Теперь и супруга епископа отложила свое рукоделье и взглянула на рассказчика.
— Слава богу, что там не было ни одного исландца,— сказала она.— Разве, по-вашему, не печально думать о всех этих простых заблудших людях, которым не спасти свои души с помощью веры, ибо папа не позволяет им внять заповедям христовым?

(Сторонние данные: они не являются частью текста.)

definition block_length :: "nat \<Rightarrow> int" where
  "block_length n = \<lfloor>2 * real n * ln (real n)\<rfloor>"

definition log_excess_sum :: "nat \<Rightarrow> 'a \<Rightarrow> real" where
  "log_excess_sum n w = (\<Sum>x\<in>{1..block_length n}. log_excess x w)"

lemma log_excess_measurable [measurable]: "log_excess x \<in> borel_measurable M"
  unfolding log_excess_def by measurable

lemma log_excess_sum_measurable [measurable]: "log_excess_sum n \<in> borel_measurable M"
  unfolding log_excess_sum_def by measurable

lemma log_excess_nonneg: "0 \<le> log_excess x w"
  unfolding log_excess_def using ln_max_div_bounds(1)[OF b_ge_1] .

lemma indep_log_excess: "indep_vars (\<lambda>_. borel) log_excess UNIV"
  unfolding log_excess_def by (rule indep_vars_compose2[OF \<xi>_indep]) measurable

lemma neg_exp_moment_log_excess:
  "neg_exp_moment M (log_excess x) l = neg_exp_moment M (log_excess 0) l"
proof -
  define h where "h v = exp (- ln (max (- v) b / b) / l)" for v :: real
  have h_measurable: "h \<in> borel_measurable borel"
    unfolding h_def by measurable
  have distr_eq: "neg_exp_moment M (log_excess y) l = integral\<^sup>L (distr M borel (\<xi> y)) h" for y
    unfolding integral_distr[OF \<xi>_measurable h_measurable]
    by (simp add: neg_exp_moment_def log_excess_def h_def)
  show ?thesis
    by (simp only: distr_eq \<xi>_ident[of x])
qed

lemma neg_exp_moment_log_excess_le:
  assumes "0 < l"
  shows "neg_exp_moment M (log_excess 0) l \<le> neg_exp_moment M log_mag l + ln b / l"
proof (rule neg_exp_moment_le_add[OF log_excess_measurable log_mag_measurable _ _ _ assms])
  fix w
  show "0 \<le> log_excess 0 w"
    by (rule log_excess_nonneg)
  show "log_excess 0 w \<le> log_mag w"
    unfolding log_excess_def log_mag_def by (rule ln_max_div_bounds(2)[OF b_ge_1])
  show "log_mag w \<le> log_excess 0 w + ln b"
    unfolding log_excess_def log_mag_def by (rule ln_max_div_bounds(3)[OF b_ge_1])
qed

lemma prob_log_excess_sum_le:
  assumes "0 < l"
  shows "prob {w \<in> space M. log_excess_sum n w \<le> K * l}
    \<le> exp K * neg_exp_moment M (log_excess 0) l ^ nat (block_length n)"
proof -
  have "prob {w \<in> space M. log_excess_sum n w \<le> K * l}
      \<le> exp K * (\<Prod>x\<in>{1..block_length n}. neg_exp_moment M (log_excess x) l)"
    unfolding log_excess_sum_def
    by (intro prob_sum_le_Chernoff indep_vars_subset[OF indep_log_excess] assms)
      (simp_all add: log_excess_nonneg)
  also have "(\<Prod>x\<in>{1..block_length n}. neg_exp_moment M (log_excess x) l)
      = (\<Prod>x\<in>{1..block_length n}. neg_exp_moment M (log_excess 0) l)"
    by (rule prod.cong[OF refl neg_exp_moment_log_excess])
  also have "\<dots> = neg_exp_moment M (log_excess 0) l ^ nat (block_length n)"
    by simp
  finally show ?thesis .
qed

— Когда видишь столько идущих ног, невольно спрашиваешь себя: куда же ведет их путь? Они идут через Тибр и останавливаются на площади перед базиликой святого Петра. Как только папа показывается на балконе своего дома, они затягивают «Те Deum laudamus» *, а колокола всех римских церквей начинают звонить. Хорошо ли это или плохо, этого я не знаю, мадам. Весьма осведомленные авторы утверждали, что богач Джованни Медичи, которого звали также Львом X, был ученым язычником, последователем Опикура и что ему никогда не приходило на ум верить в существование души, хотя он и торговал индульгенциями. Быть может, он именно поэтому и торговал ими. Порой кажется, что Мартин Лютер, споря с подобным человеком относительно свободы духа, уподобляется какому-нибудь мужлану из глухого местечка.

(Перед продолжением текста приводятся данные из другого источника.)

(* A receiver of the Swirl network routes the path through the source edge to u_a via
   v_(t a), with t a = a or a - 1 (mod w), to a layer-4 node (t a, b_a), the nodes (t a, b_a)
   being distinct.

   Scalar code: the out-edges of v_j towards (j, b) carry e_j + r(j, b) e_(j+1) with
   r(j, b) = +-1 for j > 0 and +-2 for j = 0.  A vector orthogonal to the columns of a receiver
   satisfies one relation per a.  Where two paths merge at v_j both coefficients r(j, _) occur,
   which forces zeros that propagate around the cycle; if no paths merge, the relations go
   once around the cycle and multiply to +-2, which is not 1 when 2 and 3 are nonzero.

   GF(2)^L: the rank conditions at suitable receivers make the transfer matrices A(j, b),
   C(j, b) from the source blocks of u_j and u_(j+1) to the edge into (j, b) injective, and
   the maps f(j, b) x = x A(j, b) C(j, b)^-1 additive and injective with
   f(j, 0) x <> f(j, 1) x for x <> 0.  For L <= 3 no proper set S of at most three nonzero
   vectors has f(j, 0) S = f(j, 1) S, so the sets reachable forwards and backwards grow
   until they contain 4 or all 2^L - 1 nonzero vectors.  For w >= 6 this yields a closed
   walk x_(j+1) = f(j, b_j) x_j of nonzero vectors, i.e. a nonzero vector orthogonal to the
   columns of the receiver {(j, b_j)}. *)

section \<open>Shape of the Swirl network\<close>

lemma Suc_mod_if: "j < w \<Longrightarrow> Suc j mod w = (if Suc j = w then 0 else Suc j)"
  by auto

lemma Suc_mod_inj: "x < w \<Longrightarrow> y < w \<Longrightarrow> Suc x mod w = Suc y mod w \<Longrightarrow> x = y"
  by (simp add: Suc_mod_if split: if_splits)

lemma swirl_base_edges_iff:
  "e \<in> swirl_base_edges w \<longleftrightarrow>
    (\<exists>a<w. e = (Src, NU a)) \<or> (\<exists>j<w. e = (NU j, NV j)) \<or> (\<exists>j<w. e = (NU (Suc j mod w), NV j)) \<or>
    (\<exists>j b. j < w \<and> e = (NV j, NW j b))"
  unfolding swirl_base_edges_def by blast

lemma swirl_edges_iff:
  "e \<in> swirl_edges w \<longleftrightarrow>
    (\<exists>a<w. e = (Src, NU a)) \<or> (\<exists>j<w. e = (NU j, NV j)) \<or> (\<exists>j<w. e = (NU (Suc j mod w), NV j)) \<or>
    (\<exists>j b. j < w \<and> e = (NV j, NW j b)) \<or>
    (\<exists>j b N. N \<in> swirl_receiver_sets w \<and> (j, b) \<in> N \<and> e = (NW j b, NR N))"
  unfolding swirl_edges_def swirl_base_edges_def by blast

lemma swirl_receiver_set_bound: "N \<in> swirl_receiver_sets w \<Longrightarrow> (j, b) \<in> N \<Longrightarrow> j < w"
  unfolding swirl_receiver_sets_def by auto

lemma card_swirl_receiver_set: "N \<in> swirl_receiver_sets w \<Longrightarrow> card N = w"
  unfolding swirl_receiver_sets_def by auto

text \<open>A receiver set is described by a routing: the path through the source edge to \<open>u\<^sub>a\<close>
  continues to \<open>v\<^bsub>t a\<^esub>\<close>, where \<open>t a\<close> is \<open>a\<close> or \<open>a - 1\<close> (mod \<open>w\<close>),
  and ends at the layer-4 node \<open>(t a, bs a)\<close>.\<close>
definition swirl_routing :: "nat \<Rightarrow> (nat \<Rightarrow> nat) \<Rightarrow> (nat \<Rightarrow> bool) \<Rightarrow> bool" where
  "swirl_routing w t bs \<longleftrightarrow> (\<forall>a<w. t a < w \<and> (t a = a \<or> Suc (t a) mod w = a)) \<and>
     inj_on (\<lambda>a. (t a, bs a)) {..<w}"
lemma marcumQ_eq_suminf:
  assumes "\<alpha> \<noteq> 0"
  shows "marcumQ (Suc m) \<alpha> \<beta> = (\<Sum>l. poisson_weight (\<alpha>\<^sup>2 / 2) l * upper_gamma_ratio (Suc (l + m)) (\<beta>\<^sup>2 / 2))"
proof -
  let ?g = "\<lambda>l t. poisson_weight (\<alpha>\<^sup>2 / 2) l * chi_kernel (l + m) t"
  have w: "0 \<le> poisson_weight (\<alpha>\<^sup>2 / 2) l" for l
    by (simp add: poisson_weight_nonneg)
  have "marcumQ (Suc m) \<alpha> \<beta> = (LBINT t:{\<beta>..}. (\<Sum>l. ?g l t))"
    using assms unfolding marcumQ_def marcumQ_integrand_eq_suminf[OF assms, symmetric] by simp
  also have "\<dots> = (\<Sum>l. LBINT t:{\<beta>..}. ?g l t)"
  proof (rule set_integral_suminf)
    show "set_integrable lborel {\<beta>..} (?g l)" for l
      unfolding set_integrable_def
      by (intro integrable_mult_indicator integrable_mult_right integrable_chi_kernel) auto
    show "summable (\<lambda>l. \<bar>?g l t\<bar>)" for t
      using abs_chi_kernel_le w
      by (auto simp: abs_mult intro!: summable_poisson_weight_mult[where C = "\<bar>t\<bar>"])
    have "(LBINT t:{\<beta>..}. \<bar>?g l t\<bar>) = poisson_weight (\<alpha>\<^sup>2 / 2) l * (LBINT t:{\<beta>..}. \<bar>chi_kernel (l + m) t\<bar>)"
      for l
      using w[of l] by (simp add: abs_mult)
    moreover have "0 \<le> (LBINT t:{\<beta>..}. \<bar>chi_kernel (l + m) t\<bar>)" for l
      unfolding set_lebesgue_integral_def by (intro integral_nonneg_AE AE_I2) (auto simp: indicator_def)
    ultimately show "summable (\<lambda>l. LBINT t:{\<beta>..}. \<bar>?g l t\<bar>)"
      using set_integral_abs_chi_kernel_le
      by (auto intro!: summable_poisson_weight_mult[where C = 2])
  qed simp
  also have "\<dots> = (\<Sum>l. poisson_weight (\<alpha>\<^sup>2 / 2) l * upper_gamma_ratio (Suc (l + m)) (\<beta>\<^sup>2 / 2))"
    by (simp add: set_integral_chi_kernel)
  finally show ?thesis .
qed

lemma marcumQ_sums:
  "(\<lambda>l. poisson_weight (\<alpha>\<^sup>2 / 2) l * upper_gamma_ratio (Suc (l + m)) (\<beta>\<^sup>2 / 2)) sums marcumQ (Suc m) \<alpha> \<beta>"
proof (cases "\<alpha> = 0")
  case True
  then have "(\<lambda>l. poisson_weight (\<alpha>\<^sup>2 / 2) l * upper_gamma_ratio (Suc (l + m)) (\<beta>\<^sup>2 / 2))
      = (\<lambda>l. if l = 0 then upper_gamma_ratio (Suc m) (\<beta>\<^sup>2 / 2) else 0)"
    by (auto simp: poisson_weight_def fun_eq_iff)
  then show ?thesis
    using True sums_single[of 0 "\<lambda>_. upper_gamma_ratio (Suc m) (\<beta>\<^sup>2 / 2)"]
    by (simp add: marcumQ_0)
next
  case False
  have "summable (\<lambda>l. poisson_weight (\<alpha>\<^sup>2 / 2) l * upper_gamma_ratio (Suc (l + m)) (\<beta>\<^sup>2 / 2))"
    using upper_gamma_ratio_nonneg upper_gamma_ratio_le_1
    by (intro summable_poisson_weight_mult[where C = 1]) auto
  then show ?thesis
    unfolding marcumQ_eq_suminf[OF False] by (rule summable_sums)
qed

— Но, дорогой господин эмиссар, разве не грешно так думать о нашем учителе Лютере? — спросила супруга епископа.
— Не знаю, мадам,— ответил Арнас Арнэус.— Возможно, что и так. Но одно несомненно: внезапно мне показалось, что высокоученые, просвещенные реформаторы — бесконечно далеко на севере. Ибо, глядя на ноги паломников, я говорил себе: последуй за этим шествием, куда бы оно пи направилось. И вот в толпе, переходившей через Тибр, оказался один исландец. Мы остановились перед базиликой святого Петра: звонили римские колокола, папа в тиаре и с посохом вышел на балкон, а мы все пели: «Те Deum». Я разыскивал старые исландские книги, и меня очень опечалило то, что я их не нашел. И вдруг я понял, что это не имеет ровно никакого значения. На следующий день я покинул Рим.
Женщины сердечно поблагодарили асессора за то, что он рассказал им о городе великих исландцев Гудрид Торбьярнардоутир, Стурлы Сигхватссона и Йоуна Арасона. Но так как внизу его ждали гости, прибывшие издалека, то на этот раз у него уже не было времени рассказывать о других городах. Супруга епископа, которая была ревностной протестанткой и поэтому не находила большого удовольствия в рассказе о папской резиденции, попросила у асессора разрешения в следующий раз самой избрать город. Он сказал, что им дозволяется избрать любой город, какой им только захочется, простился и направился к двери.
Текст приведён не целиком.